(Collected data entries)
(* There exist a financial system $S$ in the base model (all contracts of the same priority) and distinct banks $u_1,u_2,v_1,v_2$, with a debt contract of positive weight from $u_1$ to $v_1$ and one from $u_2$ to $v_2$, such that the following holds. For $(s_1,s_2)\in\{C,D\}^2$ let $S_{s_1s_2}$ be the system obtained from $S$ by deleting the debt contract from $u_i$ to $v_i$ for exactly those $i$ with $s_i=C$. Then each $S_{s_1s_2}$ has exactly one solution, and the payoffs $(q_{v_1},q_{v_2})$ at that solution are $(3,3)$ for $CC$, $(1,1)$ for $DD$, $(0,1)$ for $CD$, and $(1,0)$ for $DC$. In particular, in the two-player game where $v_i$ chooses $s_i$ and receives its payoff in $S_{s_1s_2}$, both $CC$ and $DD$ are pure Nash equilibria, and $CC$ gives each player strictly more than any other profile.
   Context: A financial system with payment priorities consists of: a finite set $V$ of banks; external assets $e_v\ge 0$ for each $v\in V$; a number $P\ge 1$ of priority levels; and a finite set of contracts, each of which is either a debt contract from a debtor $u$ to a creditor $v\neq u$ with weight $c>0$, or a credit default swap (CDS) from a debtor $u$ to a creditor $v\neq u$ in reference to a bank $w\notin\{u,v\}$ (the reference entity) with weight $c>0$. Every contract has a priority in $\{1,\dots,P\}$ (1 is the highest priority). It is assumed that every bank that is the reference entity of some CDS is the debtor of at least one debt contract of positive weight. Given a recovery rate vector $r\in[0,1]^V$: the liability of a contract $k$ is $l_k(r)=c$ if $k$ is a debt of weight $c$, and $l_k(r)=c\,(1-r_w)$ if $k$ is a CDS of weight $c$ in reference to $w$. For a bank $v$, $l_v(r)$ is the sum of the liabilities of the contracts with debtor $v$; $l_v^{(\rho)}(r)$ is the sum of the liabilities of contracts with debtor $v$ and priority $\rho$; and $l_v^{(\le\rho)}(r)=\sum_{i=1}^{\rho}l_v^{(i)}(r)$ (with $l_v^{(\le 0)}=0$). The payment on a contract $k$ with debtor $v$ and priority $\rho$ is $p_k(r)=l_k(r)\cdot\min\{1,\max\{0,(r_v l_v(r)-l_v^{(\le\rho-1)}(r))/l_v^{(\rho)}(r)\}\}$ (and $p_k(r)=0$ if $l_v^{(\rho)}(r)=0$). The assets of $v$ are $a_v(r)=e_v+\sum_k p_k(r)$, summing over contracts $k$ with creditor $v$. A vector $r\in[0,1]^V$ is a solution (clearing vector) if for every $v\in V$: $r_v=1$ when $a_v(r)\ge l_v(r)$, and $r_v=a_v(r)/l_v(r)$ when $a_v(r)<l_v(r)$. The payoff of $v$ is $q_v(r)=\max\{a_v(r)-l_v(r),0\}$. When $P=1$, payments reduce to $p_k(r)=r_v\,l_k(r)$ (principle of proportionality); this is called the base model. *)

theory Defs
  imports Complex_Main "HOL-Library.Multiset"
begin

text \<open>Contracts: Debt debtor creditor weight priority;
  CDS debtor creditor reference weight priority.\<close>
datatype 'b contract =
    Debt 'b 'b real nat
  | CDS 'b 'b 'b real nat

fun debtor :: "'b contract \<Rightarrow> 'b" where
  "debtor (Debt u v c p) = u"
| "debtor (CDS u v w c p) = u"

fun creditor :: "'b contract \<Rightarrow> 'b" where
  "creditor (Debt u v c p) = v"
| "creditor (CDS u v w c p) = v"

fun weight :: "'b contract \<Rightarrow> real" where
  "weight (Debt u v c p) = c"
| "weight (CDS u v w c p) = c"

fun prio :: "'b contract \<Rightarrow> nat" where
  "prio (Debt u v c p) = p"
| "prio (CDS u v w c p) = p"

record 'b fsys =
  banks :: "'b set"
  ext :: "'b \<Rightarrow> real"
  nprio :: nat
  contracts :: "'b contract multiset"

### [Try it]
Reproduce each entry word for word.

### [Exercise output]
(* There exist a financial system $S$ in the base model (all contracts of the same priority) and distinct banks $u_1,u_2,v_1,v_2$, with a debt contract of positive weight from $u_1$ to $v_1$ and one from $u_2$ to $v_2$, such that the following holds. For $(s_1,s_2)\in\{C,D\}^2$ let $S_{s_1s_2}$ be the system obtained from $S$ by deleting the debt contract from $u_i$ to $v_i$ for exactly those $i$ with $s_i=C$. Then each $S_{s_1s_2}$ has exactly one solution, and the payoffs $(q_{v_1},q_{v_2})$ at that solution are $(3,3)$ for $CC$, $(1,1)$ for $DD$, $(0,1)$ for $CD$, and $(1,0)$ for $DC$. In particular, in the two-player game where $v_i$ chooses $s_i$ and receives its payoff in $S_{s_1s_2}$, both $CC$ and $DD$ are pure Nash equilibria, and $CC$ gives each player strictly more than any other profile.
   Context: A financial system with payment priorities consists of: a finite set $V$ of banks; external assets $e_v\ge 0$ for each $v\in V$; a number $P\ge 1$ of priority levels; and a finite set of contracts, each of which is either a debt contract from a debtor $u$ to a creditor $v\neq u$ with weight $c>0$, or a credit default swap (CDS) from a debtor $u$ to a creditor $v\neq u$ in reference to a bank $w\notin\{u,v\}$ (the reference entity) with weight $c>0$. Every contract has a priority in $\{1,\dots,P\}$ (1 is the highest priority). It is assumed that every bank that is the reference entity of some CDS is the debtor of at least one debt contract of positive weight. Given a recovery rate vector $r\in[0,1]^V$: the liability of a contract $k$ is $l_k(r)=c$ if $k$ is a debt of weight $c$, and $l_k(r)=c\,(1-r_w)$ if $k$ is a CDS of weight $c$ in reference to $w$. For a bank $v$, $l_v(r)$ is the sum of the liabilities of the contracts with debtor $v$; $l_v^{(\rho)}(r)$ is the sum of the liabilities of contracts with debtor $v$ and priority $\rho$; and $l_v^{(\le\rho)}(r)=\sum_{i=1}^{\rho}l_v^{(i)}(r)$ (with $l_v^{(\le 0)}=0$). The payment on a contract $k$ with debtor $v$ and priority $\rho$ is $p_k(r)=l_k(r)\cdot\min\{1,\max\{0,(r_v l_v(r)-l_v^{(\le\rho-1)}(r))/l_v^{(\rho)}(r)\}\}$ (and $p_k(r)=0$ if $l_v^{(\rho)}(r)=0$). The assets of $v$ are $a_v(r)=e_v+\sum_k p_k(r)$, summing over contracts $k$ with creditor $v$. A vector $r\in[0,1]^V$ is a solution (clearing vector) if for every $v\in V$: $r_v=1$ when $a_v(r)\ge l_v(r)$, and $r_v=a_v(r)/l_v(r)$ when $a_v(r)<l_v(r)$. The payoff of $v$ is $q_v(r)=\max\{a_v(r)-l_v(r),0\}$. When $P=1$, payments reduce to $p_k(r)=r_v\,l_k(r)$ (principle of proportionality); this is called the base model. *)

theory Defs
  imports Complex_Main "HOL-Library.Multiset"
begin

text \<open>Contracts: Debt debtor creditor weight priority;
  CDS debtor creditor reference weight priority.\<close>
datatype 'b contract =
    Debt 'b 'b real nat
  | CDS 'b 'b 'b real nat

fun debtor :: "'b contract \<Rightarrow> 'b" where
  "debtor (Debt u v c p) = u"
| "debtor (CDS u v w c p) = u"

fun creditor :: "'b contract \<Rightarrow> 'b" where
  "creditor (Debt u v c p) = v"
| "creditor (CDS u v w c p) = v"

fun weight :: "'b contract \<Rightarrow> real" where
  "weight (Debt u v c p) = c"
| "weight (CDS u v w c p) = c"

fun prio :: "'b contract \<Rightarrow> nat" where
  "prio (Debt u v c p) = p"
| "prio (CDS u v w c p) = p"

record 'b fsys =
  banks :: "'b set"
  ext :: "'b \<Rightarrow> real"
  nprio :: nat
  contracts :: "'b contract multiset"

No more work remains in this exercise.